→ Assignment
Where does the string "positive" appear in the records? Copy each line that holds it.

→ Task material
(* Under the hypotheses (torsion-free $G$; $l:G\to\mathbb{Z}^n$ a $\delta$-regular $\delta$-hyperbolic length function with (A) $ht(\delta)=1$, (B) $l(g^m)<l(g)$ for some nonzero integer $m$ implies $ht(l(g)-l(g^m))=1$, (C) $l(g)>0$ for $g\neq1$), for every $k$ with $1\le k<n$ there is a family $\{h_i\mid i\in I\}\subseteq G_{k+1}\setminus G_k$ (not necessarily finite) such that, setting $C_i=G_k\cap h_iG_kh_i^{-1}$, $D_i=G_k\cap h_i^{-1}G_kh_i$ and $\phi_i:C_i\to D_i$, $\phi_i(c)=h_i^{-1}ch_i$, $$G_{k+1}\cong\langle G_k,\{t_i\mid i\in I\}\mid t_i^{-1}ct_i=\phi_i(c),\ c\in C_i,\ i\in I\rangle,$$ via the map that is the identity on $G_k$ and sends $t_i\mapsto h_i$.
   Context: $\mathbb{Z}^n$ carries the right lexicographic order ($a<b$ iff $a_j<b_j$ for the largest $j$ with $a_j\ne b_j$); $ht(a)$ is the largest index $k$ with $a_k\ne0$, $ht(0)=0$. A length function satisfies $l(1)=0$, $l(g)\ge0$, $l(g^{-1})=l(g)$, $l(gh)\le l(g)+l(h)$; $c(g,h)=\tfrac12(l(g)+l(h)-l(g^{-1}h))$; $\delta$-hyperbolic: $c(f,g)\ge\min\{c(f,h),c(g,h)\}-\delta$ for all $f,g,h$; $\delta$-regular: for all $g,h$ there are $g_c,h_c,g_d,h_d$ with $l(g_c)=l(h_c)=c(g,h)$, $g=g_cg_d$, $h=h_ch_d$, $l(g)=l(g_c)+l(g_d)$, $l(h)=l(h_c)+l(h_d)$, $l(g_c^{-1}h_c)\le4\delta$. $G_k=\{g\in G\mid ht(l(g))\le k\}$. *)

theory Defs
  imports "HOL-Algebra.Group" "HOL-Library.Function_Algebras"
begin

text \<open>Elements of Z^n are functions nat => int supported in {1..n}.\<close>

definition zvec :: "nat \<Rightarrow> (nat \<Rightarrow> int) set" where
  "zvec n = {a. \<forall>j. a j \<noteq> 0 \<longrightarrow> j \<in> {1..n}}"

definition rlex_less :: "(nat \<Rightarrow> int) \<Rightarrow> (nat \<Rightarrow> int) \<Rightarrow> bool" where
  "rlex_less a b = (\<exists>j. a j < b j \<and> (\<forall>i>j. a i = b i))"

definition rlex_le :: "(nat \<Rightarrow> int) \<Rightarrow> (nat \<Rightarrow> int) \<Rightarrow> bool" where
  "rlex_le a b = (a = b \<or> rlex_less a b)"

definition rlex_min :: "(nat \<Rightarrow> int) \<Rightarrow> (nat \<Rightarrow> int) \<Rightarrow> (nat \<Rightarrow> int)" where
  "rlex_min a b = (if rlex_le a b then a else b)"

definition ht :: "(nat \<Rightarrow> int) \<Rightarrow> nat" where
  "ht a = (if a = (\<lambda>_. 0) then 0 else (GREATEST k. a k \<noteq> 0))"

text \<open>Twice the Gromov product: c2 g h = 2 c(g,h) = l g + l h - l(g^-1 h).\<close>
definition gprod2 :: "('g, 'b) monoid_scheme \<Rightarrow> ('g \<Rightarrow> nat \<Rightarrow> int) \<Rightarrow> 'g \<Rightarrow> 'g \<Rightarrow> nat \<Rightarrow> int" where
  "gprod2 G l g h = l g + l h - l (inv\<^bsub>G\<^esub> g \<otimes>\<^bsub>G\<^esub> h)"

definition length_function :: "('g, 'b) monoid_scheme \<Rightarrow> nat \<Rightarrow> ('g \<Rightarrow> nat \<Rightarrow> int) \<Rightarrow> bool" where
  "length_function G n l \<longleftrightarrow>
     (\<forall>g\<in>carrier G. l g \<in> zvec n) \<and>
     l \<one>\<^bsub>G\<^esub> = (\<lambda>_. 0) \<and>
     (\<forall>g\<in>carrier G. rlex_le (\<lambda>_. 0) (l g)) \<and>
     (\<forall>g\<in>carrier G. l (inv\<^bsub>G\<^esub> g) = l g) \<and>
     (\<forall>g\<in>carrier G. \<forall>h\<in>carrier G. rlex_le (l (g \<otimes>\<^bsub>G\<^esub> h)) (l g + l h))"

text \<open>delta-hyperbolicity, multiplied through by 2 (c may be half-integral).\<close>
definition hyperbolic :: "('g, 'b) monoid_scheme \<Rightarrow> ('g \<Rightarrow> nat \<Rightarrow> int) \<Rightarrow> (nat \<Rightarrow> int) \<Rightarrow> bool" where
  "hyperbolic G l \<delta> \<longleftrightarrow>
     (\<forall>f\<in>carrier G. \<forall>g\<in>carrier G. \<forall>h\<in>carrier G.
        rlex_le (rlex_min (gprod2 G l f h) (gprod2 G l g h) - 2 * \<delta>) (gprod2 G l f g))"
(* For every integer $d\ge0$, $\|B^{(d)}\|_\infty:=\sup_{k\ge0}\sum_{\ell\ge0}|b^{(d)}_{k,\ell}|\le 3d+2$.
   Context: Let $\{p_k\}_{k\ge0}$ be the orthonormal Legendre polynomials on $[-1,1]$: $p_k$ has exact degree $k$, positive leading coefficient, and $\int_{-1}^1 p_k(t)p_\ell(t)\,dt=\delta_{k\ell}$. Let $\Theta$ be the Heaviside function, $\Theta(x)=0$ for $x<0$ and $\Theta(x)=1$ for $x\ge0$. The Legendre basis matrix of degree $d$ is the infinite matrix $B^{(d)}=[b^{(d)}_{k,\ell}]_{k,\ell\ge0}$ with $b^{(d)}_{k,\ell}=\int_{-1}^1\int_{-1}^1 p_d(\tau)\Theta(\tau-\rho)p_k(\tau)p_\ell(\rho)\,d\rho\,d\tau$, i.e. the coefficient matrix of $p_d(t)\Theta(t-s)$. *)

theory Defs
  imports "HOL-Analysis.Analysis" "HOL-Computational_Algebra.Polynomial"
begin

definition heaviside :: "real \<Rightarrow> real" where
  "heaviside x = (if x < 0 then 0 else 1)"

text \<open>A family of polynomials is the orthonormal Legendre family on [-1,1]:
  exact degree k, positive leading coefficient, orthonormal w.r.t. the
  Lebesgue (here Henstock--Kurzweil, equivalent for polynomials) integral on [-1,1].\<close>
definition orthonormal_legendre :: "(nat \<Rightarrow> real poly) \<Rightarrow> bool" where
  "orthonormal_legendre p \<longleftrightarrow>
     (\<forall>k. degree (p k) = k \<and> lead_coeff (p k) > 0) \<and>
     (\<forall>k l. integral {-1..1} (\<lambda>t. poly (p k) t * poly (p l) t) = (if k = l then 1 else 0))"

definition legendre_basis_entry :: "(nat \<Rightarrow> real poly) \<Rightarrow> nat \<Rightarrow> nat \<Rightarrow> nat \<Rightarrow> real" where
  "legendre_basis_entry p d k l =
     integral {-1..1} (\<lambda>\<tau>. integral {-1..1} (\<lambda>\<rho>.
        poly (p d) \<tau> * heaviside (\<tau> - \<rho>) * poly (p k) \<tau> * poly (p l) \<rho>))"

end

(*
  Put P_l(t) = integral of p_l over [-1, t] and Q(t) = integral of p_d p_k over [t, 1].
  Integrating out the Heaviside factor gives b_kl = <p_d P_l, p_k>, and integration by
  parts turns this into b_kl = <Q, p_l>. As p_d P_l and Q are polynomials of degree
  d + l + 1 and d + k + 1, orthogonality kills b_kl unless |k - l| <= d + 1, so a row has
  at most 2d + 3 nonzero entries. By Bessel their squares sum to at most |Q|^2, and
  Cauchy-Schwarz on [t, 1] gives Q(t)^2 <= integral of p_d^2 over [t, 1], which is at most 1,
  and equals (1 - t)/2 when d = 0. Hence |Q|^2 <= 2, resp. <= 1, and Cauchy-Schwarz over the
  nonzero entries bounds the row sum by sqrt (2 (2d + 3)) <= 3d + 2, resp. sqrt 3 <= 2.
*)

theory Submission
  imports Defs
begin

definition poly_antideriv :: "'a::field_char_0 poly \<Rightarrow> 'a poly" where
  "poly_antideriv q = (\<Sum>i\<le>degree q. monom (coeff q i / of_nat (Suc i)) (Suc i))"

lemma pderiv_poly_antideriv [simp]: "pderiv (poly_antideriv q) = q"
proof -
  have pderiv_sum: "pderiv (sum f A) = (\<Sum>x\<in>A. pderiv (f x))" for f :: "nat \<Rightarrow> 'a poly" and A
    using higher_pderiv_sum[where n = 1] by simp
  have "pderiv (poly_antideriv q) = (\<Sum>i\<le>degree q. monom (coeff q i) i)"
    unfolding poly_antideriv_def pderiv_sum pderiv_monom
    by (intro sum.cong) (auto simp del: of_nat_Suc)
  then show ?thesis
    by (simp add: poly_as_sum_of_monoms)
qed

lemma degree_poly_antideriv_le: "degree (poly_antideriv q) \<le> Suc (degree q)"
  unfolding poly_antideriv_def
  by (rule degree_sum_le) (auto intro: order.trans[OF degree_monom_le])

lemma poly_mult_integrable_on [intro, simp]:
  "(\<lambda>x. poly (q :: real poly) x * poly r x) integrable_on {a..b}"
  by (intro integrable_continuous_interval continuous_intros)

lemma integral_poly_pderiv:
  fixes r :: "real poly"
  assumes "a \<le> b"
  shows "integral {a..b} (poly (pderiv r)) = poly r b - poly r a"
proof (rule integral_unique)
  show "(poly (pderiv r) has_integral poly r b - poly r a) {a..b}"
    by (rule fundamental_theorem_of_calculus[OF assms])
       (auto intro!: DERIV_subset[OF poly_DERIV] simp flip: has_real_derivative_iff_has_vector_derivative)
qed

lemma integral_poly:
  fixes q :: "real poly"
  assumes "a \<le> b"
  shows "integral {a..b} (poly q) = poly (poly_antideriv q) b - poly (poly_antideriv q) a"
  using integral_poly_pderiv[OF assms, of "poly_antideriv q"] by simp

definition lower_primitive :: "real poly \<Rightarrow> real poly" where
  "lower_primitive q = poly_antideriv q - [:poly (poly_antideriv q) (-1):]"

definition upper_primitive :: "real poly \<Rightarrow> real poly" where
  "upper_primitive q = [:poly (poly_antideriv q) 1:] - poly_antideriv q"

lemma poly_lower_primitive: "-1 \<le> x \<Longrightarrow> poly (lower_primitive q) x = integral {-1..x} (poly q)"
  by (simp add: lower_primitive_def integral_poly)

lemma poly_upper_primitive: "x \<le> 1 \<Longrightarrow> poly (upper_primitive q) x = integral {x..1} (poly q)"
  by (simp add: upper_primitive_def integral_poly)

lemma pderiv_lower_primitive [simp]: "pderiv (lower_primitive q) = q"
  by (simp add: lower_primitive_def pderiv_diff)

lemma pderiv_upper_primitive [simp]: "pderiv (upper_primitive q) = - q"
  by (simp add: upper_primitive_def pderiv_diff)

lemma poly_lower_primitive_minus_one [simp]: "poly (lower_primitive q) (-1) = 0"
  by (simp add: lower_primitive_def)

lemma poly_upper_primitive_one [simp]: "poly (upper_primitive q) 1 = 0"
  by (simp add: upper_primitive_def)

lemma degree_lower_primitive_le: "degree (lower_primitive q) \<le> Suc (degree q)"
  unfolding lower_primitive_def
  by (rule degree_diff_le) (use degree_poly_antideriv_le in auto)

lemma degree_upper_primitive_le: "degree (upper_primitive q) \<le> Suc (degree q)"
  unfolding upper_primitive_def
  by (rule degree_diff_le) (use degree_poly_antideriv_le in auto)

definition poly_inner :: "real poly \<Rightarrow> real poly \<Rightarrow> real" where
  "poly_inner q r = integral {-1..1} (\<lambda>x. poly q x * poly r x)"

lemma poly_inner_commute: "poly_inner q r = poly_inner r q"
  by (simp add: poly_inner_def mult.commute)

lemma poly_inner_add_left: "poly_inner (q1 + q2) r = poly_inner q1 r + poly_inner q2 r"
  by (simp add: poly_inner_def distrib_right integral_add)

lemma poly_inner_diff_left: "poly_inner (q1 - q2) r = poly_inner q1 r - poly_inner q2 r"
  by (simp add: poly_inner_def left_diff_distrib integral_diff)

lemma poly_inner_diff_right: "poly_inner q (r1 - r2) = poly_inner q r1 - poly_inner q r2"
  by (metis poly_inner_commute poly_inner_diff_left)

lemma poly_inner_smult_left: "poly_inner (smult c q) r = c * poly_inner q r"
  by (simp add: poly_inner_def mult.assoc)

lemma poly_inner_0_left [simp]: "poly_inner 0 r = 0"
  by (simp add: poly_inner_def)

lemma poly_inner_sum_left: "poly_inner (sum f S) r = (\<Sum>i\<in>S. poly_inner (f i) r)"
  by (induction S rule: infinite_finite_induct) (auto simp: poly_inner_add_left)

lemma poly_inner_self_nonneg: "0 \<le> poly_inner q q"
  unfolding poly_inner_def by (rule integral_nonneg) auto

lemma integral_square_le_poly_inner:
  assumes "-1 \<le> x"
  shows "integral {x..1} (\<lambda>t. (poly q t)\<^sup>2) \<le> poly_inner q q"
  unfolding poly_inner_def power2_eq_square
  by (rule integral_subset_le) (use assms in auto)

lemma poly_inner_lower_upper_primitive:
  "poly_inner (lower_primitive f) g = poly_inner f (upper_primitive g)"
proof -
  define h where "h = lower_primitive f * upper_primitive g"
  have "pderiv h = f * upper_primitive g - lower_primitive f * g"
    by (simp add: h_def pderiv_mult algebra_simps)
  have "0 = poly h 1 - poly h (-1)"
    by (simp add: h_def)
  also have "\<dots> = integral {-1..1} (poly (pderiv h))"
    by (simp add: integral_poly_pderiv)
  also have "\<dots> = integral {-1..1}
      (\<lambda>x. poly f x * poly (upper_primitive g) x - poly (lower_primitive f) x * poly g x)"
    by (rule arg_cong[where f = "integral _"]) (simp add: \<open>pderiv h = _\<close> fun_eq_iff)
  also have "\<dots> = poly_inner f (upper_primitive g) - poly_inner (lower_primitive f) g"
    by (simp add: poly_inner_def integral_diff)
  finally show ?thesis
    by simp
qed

→ Exercise response
   Context: Let $\{p_k\}_{k\ge0}$ be the orthonormal Legendre polynomials on $[-1,1]$: $p_k$ has exact degree $k$, positive leading coefficient, and $\int_{-1}^1 p_k(t)p_\ell(t)\,dt=\delta_{k\ell}$. Let $\Theta$ be the Heaviside function, $\Theta(x)=0$ for $x<0$ and $\Theta(x)=1$ for $x\ge0$. The Legendre basis matrix of degree $d$ is the infinite matrix $B^{(d)}=[b^{(d)}_{k,\ell}]_{k,\ell\ge0}$ with $b^{(d)}_{k,\ell}=\int_{-1}^1\int_{-1}^1 p_d(\tau)\Theta(\tau-\rho)p_k(\tau)p_\ell(\rho)\,d\rho\,d\tau$, i.e. the coefficient matrix of $p_d(t)\Theta(t-s)$. *)
  exact degree k, positive leading coefficient, orthonormal w.r.t. the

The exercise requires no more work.